The specifications of normalization are based on Unicode Standard Annex #15[43].

·        Prohibition: many characters in the Unicode character set are control sequences, formatting sequences or spacing characters, which are not appropriate and prohibited for domain names.

The above demonstrates that Nameprep translates various representations regarded as the same original string into a unique representation in the multilingual string space. If the outputs of Nameprep are the same, input strings are regarded as the same domain name. If the outputs are different, they are regarded as different domain names. To meet this requirement, Nameprep should precede ACE. The IETF is nearing the final stages of Nameprep standardization.
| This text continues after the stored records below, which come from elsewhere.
(* Let $V$ be a complex vector space of dimension $2n$ with a non-degenerate skew form and $W$ a complex vector space of dimension $g$, and let $\rho$ denote the representation of $\mathrm{Sp}(g)=\mathrm{Sp}(W\oplus W^* )$ on $\Lambda(V\otimes W)$ described in the context, restricted to the subgroup $\mathrm{GL}(W^* )\subset\mathrm{Sp}(g)$. Let $\rho_0$ be the natural representation of $\mathrm{GL}(W^* )$ on $\Lambda(V\otimes W)$, in which $M\in\mathrm{GL}(W^* )$ acts on $V\otimes W$ by $\mathrm{Id}_V\otimes(M^T)^{-1}$ (extended multiplicatively to the exterior algebra). Then for every $M\in\mathrm{GL}(W^* )$, $$\rho(M)=(\det M)^n\rho_0(M).$$
   Context: $W\oplus W^*$ carries the symplectic form $\alpha((w_1,w_1^* ),(w_2,w_2^* ))=w_2^*(w_1)-w_1^*(w_2)$; $\mathrm{GL}(W^* )$ embeds in $\mathrm{Sp}(W\oplus W^*,\alpha)$ by letting $M$ act on $W^*$ as $M$ and on $W$ as $(M^T)^{-1}$ (the inverse of the dual map). With $\varepsilon$ the skew form on $V$, $h=\varepsilon\otimes\alpha$ is a non-degenerate symmetric form on $H=V\otimes(W\oplus W^* )$, $F=V\otimes W$ is maximal isotropic and $H=F\oplus F^*$. The spin representation of $\mathfrak{o}(H,h)$ on $\Lambda F$ is $X\mapsto\frac12\sum_a[(Xe_a)\tilde e^a+(X\tilde e^a)e_a]$, computed in the Clifford algebra of $Q(v)=h(v,v)/2$ acting on $\Lambda F$ with $F$ acting by exterior multiplication and $F^*$ by contraction ($e_a$ basis of $F$, $\tilde e^a$ dual basis). Restricting to $\mathfrak{sp}(W\oplus W^* )\subset\mathfrak{o}(H,h)$ and integrating gives $\rho$. *)

theory Defs
  imports "HOL-Analysis.Analysis" "Jordan_Normal_Form.Determinant"
begin
(* Let $\alpha,\beta,p^r,q_{max},M,B,\overline{v}>0$ with $4\alpha p^r>\beta^2$ and $\delta\in[0,1]$. Let $D_0:[0,\infty)\to\mathbb{R}$ be differentiable, concave and strictly increasing. Let $X$ be a cumulative distribution function with density $x>0$ on $(0,\overline{v})$ and support in $[0,\overline{v}]$, let $y$ be the inverse of the strictly decreasing bijection $p\mapsto MB(1-X(p))/p$ from $(0,\overline{v})$ onto $(0,\infty)$, and assume $D\mapsto D\,y(D)$ is concave and differentiable on $D>0$. For a side-payment price $p^t\ge0$, consider the problem in which the ISP chooses $(p^s,q)$ with $p^s\ge0$, $0<q\le q_{max}$, and the CP chooses investment $c$, with demand $D=D_0(c)-\alpha p^s+\beta q$ and utilities $U_{isp}=(p^s-p^r)D+(1-\delta)p^tD-p^rq^2$, $U_{cp}=y(D)D-p^tD-c$; a best strategy is a triple $(p^{s*},q^*,c^* )$ with $(p^{s*},q^* )$ maximizing $U_{isp}$ given $c^*$ and $c^*$ maximizing $U_{cp}$ given $(p^{s*},q^* )$. Let $0\le p^t_x<p^t_y$ and let $(p^{s*}_x,q^*_x,c^*_x)$ and $(p^{s*}_y,q^*_y,c^*_y)$ be best strategies for $p^t_x$ and $p^t_y$ respectively, each satisfying $p^{s*}>0$, $q^*>0$ (with $q^*<q_{max}$) and $c^*>0$. Then $c^*_x>c^*_y$; that is, the optimal investment of the CP is decreasing in the side-payment price.
   Context: Advertisement model: the CP earns advertising revenue $y(D)D$ from user demand $D$ (where $y(D)$ is the optimal price per attention, determined by $MB(1-X(y(D)))/y(D)=D$ for $M$ advertisers with budget $B$ and valuation cdf $X$), invests $c$ in content raising potential demand to $D_0(c)$, and pays the ISP $p^t$ per unit of demand, taxed at rate $\delta$. The ISP sets user price $p^s$ and QoS $q$, paying $p^r$ per unit of bandwidth. *)

theory Defs
  imports "HOL-Analysis.Analysis"
begin

definition demand :: "(real \<Rightarrow> real) \<Rightarrow> real \<Rightarrow> real \<Rightarrow> real \<Rightarrow> real \<Rightarrow> real \<Rightarrow> real" where
  "demand D0 \<alpha> \<beta> ps q c = D0 c - \<alpha> * ps + \<beta> * q"

definition U_isp :: "(real \<Rightarrow> real) \<Rightarrow> real \<Rightarrow> real \<Rightarrow> real \<Rightarrow> real \<Rightarrow> real \<Rightarrow> real \<Rightarrow> real \<Rightarrow> real \<Rightarrow> real" where
  "U_isp D0 \<alpha> \<beta> pr \<delta> pt ps q c =
     (let D = demand D0 \<alpha> \<beta> ps q c in (ps - pr) * D + (1 - \<delta>) * pt * D - pr * q^2)"

definition U_cp :: "(real \<Rightarrow> real) \<Rightarrow> (real \<Rightarrow> real) \<Rightarrow> real \<Rightarrow> real \<Rightarrow> real \<Rightarrow> real \<Rightarrow> real \<Rightarrow> real \<Rightarrow> real" where
  "U_cp D0 y \<alpha> \<beta> pt ps q c =
     (let D = demand D0 \<alpha> \<beta> ps q c in y D * D - pt * D - c)"

text \<open>Since y (hence the CP revenue) is only defined for positive demand, the CP's
  feasible investments are those producing positive demand.\<close>
definition best_strategy ::
  "(real \<Rightarrow> real) \<Rightarrow> (real \<Rightarrow> real) \<Rightarrow> real \<Rightarrow> real \<Rightarrow> real \<Rightarrow> real \<Rightarrow> real \<Rightarrow> real
   \<Rightarrow> real \<Rightarrow> real \<Rightarrow> real \<Rightarrow> bool" where
  "best_strategy D0 y \<alpha> \<beta> pr \<delta> qmax pt ps q c \<longleftrightarrow>
     ps \<ge> 0 \<and> 0 < q \<and> q \<le> qmax \<and> c \<ge> 0 \<and> demand D0 \<alpha> \<beta> ps q c > 0 \<and>
     (\<forall>ps' q'. ps' \<ge> 0 \<and> 0 < q' \<and> q' \<le> qmax \<longrightarrow>
        U_isp D0 \<alpha> \<beta> pr \<delta> pt ps' q' c \<le> U_isp D0 \<alpha> \<beta> pr \<delta> pt ps q c) \<and>
     (\<forall>c'. c' \<ge> 0 \<and> demand D0 \<alpha> \<beta> ps q c' > 0 \<longrightarrow>
        U_cp D0 y \<alpha> \<beta> pt ps q c' \<le> U_cp D0 y \<alpha> \<beta> pt ps q c)"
ASCII Compatible Encoding (ACE)

47.  ACE encodes a non-ASCII string represented in Unicode into an ASCII string, which complies with the existing ASCII domain name format. This enables multilingual domain names to be properly processed as the corresponding ASCII domain names. At the 49th IETF meeting in November 2000, the IDN Working Group was steered in the direction of choosing ACE, although arguments claiming the necessity of natively using UTF-8 have still been a matter of debate in mailing list discussions. The IETF is now reaching the final stages of ACE standardization.
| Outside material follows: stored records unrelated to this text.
lemma nondecreasing_of_derivative_nonneg_within:
  fixes f :: "real \<Rightarrow> real"
  assumes d: "\<And>x. x \<in> {0..<T} \<Longrightarrow> \<exists>D\<ge>0. (f has_real_derivative D) (at x within {0..<T})"
    and t: "t \<in> {0..<T}"
  shows "f 0 \<le> f t"
proof (rule DERIV_nonneg_imp_increasing_open[where f = f and a = 0 and b = t])
  show "0 \<le> t" using t by simp
  have "continuous_on {0..<T} f"
    unfolding continuous_on_eq_continuous_within using d DERIV_continuous by blast
  then show "continuous_on {0..t} f" by (rule continuous_on_subset) (use t in auto)
  fix x assume x: "0 < x" "x < t"
  then obtain D where "D \<ge> 0" and D: "(f has_real_derivative D) (at x within {0..<T})"
    using d[of x] t by auto
  moreover have "at x within {0..<T} = at x"
    using x t by (intro at_within_interior) (auto simp: interior_atLeastLessThan)
  ultimately show "\<exists>y. (f has_real_derivative y) (at x) \<and> y \<ge> 0" by auto
qed

lemma below_of_continuous_sq_gt:
  fixes f :: "real \<Rightarrow> real"
  assumes cont: "continuous_on {0..<T} f" and f0: "f 0 < 0" and c: "c \<ge> 0"
    and sq: "\<And>x. x \<in> {0..<T} \<Longrightarrow> c^2 < (f x)^2" and t: "t \<in> {0..<T}"
  shows "f t < - c"
proof (rule ccontr)
  assume "\<not> f t < - c"
  have "\<not> f t \<le> 0"
  proof
    assume "f t \<le> 0"
    then have "\<bar>f t\<bar> \<le> \<bar>c\<bar>" using \<open>\<not> f t < - c\<close> c by auto
    then show False using sq[OF t] abs_le_square_iff by force
  qed
  then have "f t > 0" by simp
  moreover have "continuous_on {0..t} f" by (rule continuous_on_subset[OF cont]) (use t in auto)
  ultimately obtain x where "0 \<le> x" "x \<le> t" "f x = 0"
    using IVT'[of f 0 0 t] f0 t by auto
  then show False using sq[of x] t by simp
qed

theorem mainTheorem7:
  fixes C :: sconst and Lam T :: real
    and g K F :: "real \<Rightarrow> mat3"
    and E u Th0 :: "real \<Rightarrow> vec3"
    and Th00 rho e :: "real \<Rightarrow> real"
  assumes bianchi: "bianchi_I_to_VIII C"
    and Lam_pos: "Lam > 0"
    and g_pd: "\<forall>t\<in>{0..<T}. posdef3 (g t)"
    and K_sym: "\<forall>t\<in>{0..<T}. symm3 (K t)"
    and F_anti: "\<forall>t\<in>{0..<T}. antisymm3 (F t)"
    and rho_pos: "\<forall>t\<in>{0..<T}. rho t > 0"
    and e_nonneg: "\<forall>t\<in>{0..<T}. e t \<ge> 0"
    and Th00_nonneg: "\<forall>t\<in>{0..<T}. Th00 t \<ge> 0"
    and ode_g: "\<forall>t\<in>{0..<T}. (g has_vector_derivative (- 2 *\<^sub>R K t)) (at t within {0..<T})"
    and ode_K: "\<forall>t\<in>{0..<T}. (K has_vector_derivative
                   Kdot C Lam (g t) (K t) (F t) (E t) (u t) (Th00 t) (Th0 t) (rho t))
                 (at t within {0..<T})"
    and ode_F: "\<forall>t\<in>{0..<T}. (F has_vector_derivative Fdot C (g t) (E t)) (at t within {0..<T})"
    and ode_E: "\<forall>t\<in>{0..<T}. (E has_vector_derivative Edot C (g t) (K t) (F t) (E t) (u t))
                 (at t within {0..<T})"
    and ode_u: "\<forall>t\<in>{0..<T}. (u has_vector_derivative udot C (g t) (K t) (F t) (E t) (u t) (rho t))
                 (at t within {0..<T})"
    and ode_Th00: "\<forall>t\<in>{0..<T}. (Th00 has_real_derivative
                   Th00dot C (g t) (K t) (u t) (Th00 t) (Th0 t) (rho t)) (at t within {0..<T})"
    and ode_Th0: "\<forall>t\<in>{0..<T}. (Th0 has_vector_derivative
                   Th0dot C (g t) (K t) (u t) (Th0 t) (rho t)) (at t within {0..<T})"
    and ode_rho: "\<forall>t\<in>{0..<T}. (rho has_real_derivative
                   rhodot C (g t) (K t) (E t) (u t) (rho t)) (at t within {0..<T})"
    and ode_e: "\<forall>t\<in>{0..<T}. (e has_real_derivative
                   edot C (g t) (K t) (E t) (u t) (rho t) (e t)) (at t within {0..<T})"
    and cC1: "\<forall>t\<in>{0..<T}. C1 C Lam (g t) (K t) (F t) (E t) (u t) (Th00 t) (rho t)"
    and cC2: "\<forall>t\<in>{0..<T}. C2 C (g t) (K t) (F t) (E t) (u t) (Th0 t) (rho t)"
    and cC3: "\<forall>t\<in>{0..<T}. C3 C (F t)"
    and cC4: "\<forall>t\<in>{0..<T}. C4 C (g t) (E t) (u t) (e t)"
    and H0_neg: "Hm (g 0) (K 0) < 0"
  shows "\<forall>t\<in>{0..<T}.
           (\<exists>D. ((\<lambda>s. Hm (g s) (K s)) has_real_derivative D) (at t within {0..<T})
                \<and> D \<ge> KK (g t) (K t) - Lam)
         \<and> KK (g t) (K t) - Lam \<ge> (Hm (g t) (K t))^2 / 3 - Lam
         \<and> (Hm (g t) (K t))^2 / 3 - Lam \<ge> 0
         \<and> Hm (g 0) (K 0) - Lam * t \<le> Hm (g t) (K t)
         \<and> Hm (g t) (K t) < - sqrt (3 * Lam)"
proof -
  let ?I = "{0..<T}" and ?H = "\<lambda>s. Hm (g s) (K s)"
  have pd: "\<And>s. s \<in> ?I \<Longrightarrow> posdef3 (g s)" using g_pd by blast
  have deriv: "\<exists>D. (?H has_real_derivative D) (at t within ?I) \<and> D \<ge> KK (g t) (K t) - Lam"
    if t: "t \<in> ?I" for t
    using Hm_derivative_ge[OF ode_K[rule_format, OF t] ode_g[rule_format, OF t] t _ pd] t
      K_sym rho_pos Th00_nonneg cC1 by (auto simp: trivial_limit_within)
  have KK: "KK (g t) (K t) \<ge> (?H t)^2 / 3" if "t \<in> ?I" for t
    using KK_ge_Hm_sq pd that by blast
  have Hsq: "(?H t)^2 > 3 * Lam" if "t \<in> ?I" for t
    using Hm_sq_gt[OF bianchi pd] rho_pos Th00_nonneg cC1 that by blast
  have mono: "?H 0 \<le> ?H t" if "t \<in> ?I" for t
  proof (rule nondecreasing_of_derivative_nonneg_within[OF _ that])
    fix x assume x: "x \<in> ?I"
    have "KK (g x) (K x) - Lam \<ge> 0" using KK[OF x] Hsq[OF x] by simp
    then show "\<exists>D\<ge>0. (?H has_real_derivative D) (at x within ?I)"
      using deriv[OF x] by (meson order_trans)
  qed
  have "continuous_on ?I ?H"
    unfolding continuous_on_eq_continuous_within using deriv DERIV_continuous by blast
  then have neg: "?H t < - sqrt (3 * Lam)" if "t \<in> ?I" for t
    using Hsq Lam_pos H0_neg that by (intro below_of_continuous_sq_gt) auto
  show ?thesis
  proof (intro ballI conjI)
    fix t assume t: "t \<in> ?I"
    show "\<exists>D. (?H has_real_derivative D) (at t within ?I) \<and> D \<ge> KK (g t) (K t) - Lam"
      by (rule deriv[OF t])
    show "KK (g t) (K t) - Lam \<ge> (?H t)^2 / 3 - Lam" using KK[OF t] by simp
    show "(?H t)^2 / 3 - Lam \<ge> 0" using Hsq[OF t] by simp
    have "Lam * t \<ge> 0" using Lam_pos t by simp
    then show "?H 0 - Lam * t \<le> ?H t" using mono[OF t] by linarith
    show "?H t < - sqrt (3 * Lam)" by (rule neg[OF t])
  qed
qed

end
48.  RACE (Row-based ASCII Compatible Encoding)[44] was one of the earlier candidates among the proposed ACE algorithms. It was used in the registration and resolving services provided by, inter alia, VeriSign Global Registry Services (VGRS)[45] and Japan Network Information Center (JPNIC)[46] / Japan Registry Service (JPRS)[47]. Following RACE, other algorithms have been proposed and evaluated by engineers as to their advantages and disadvantages using actual multilingual domain names that were registered in various test bed scenarios.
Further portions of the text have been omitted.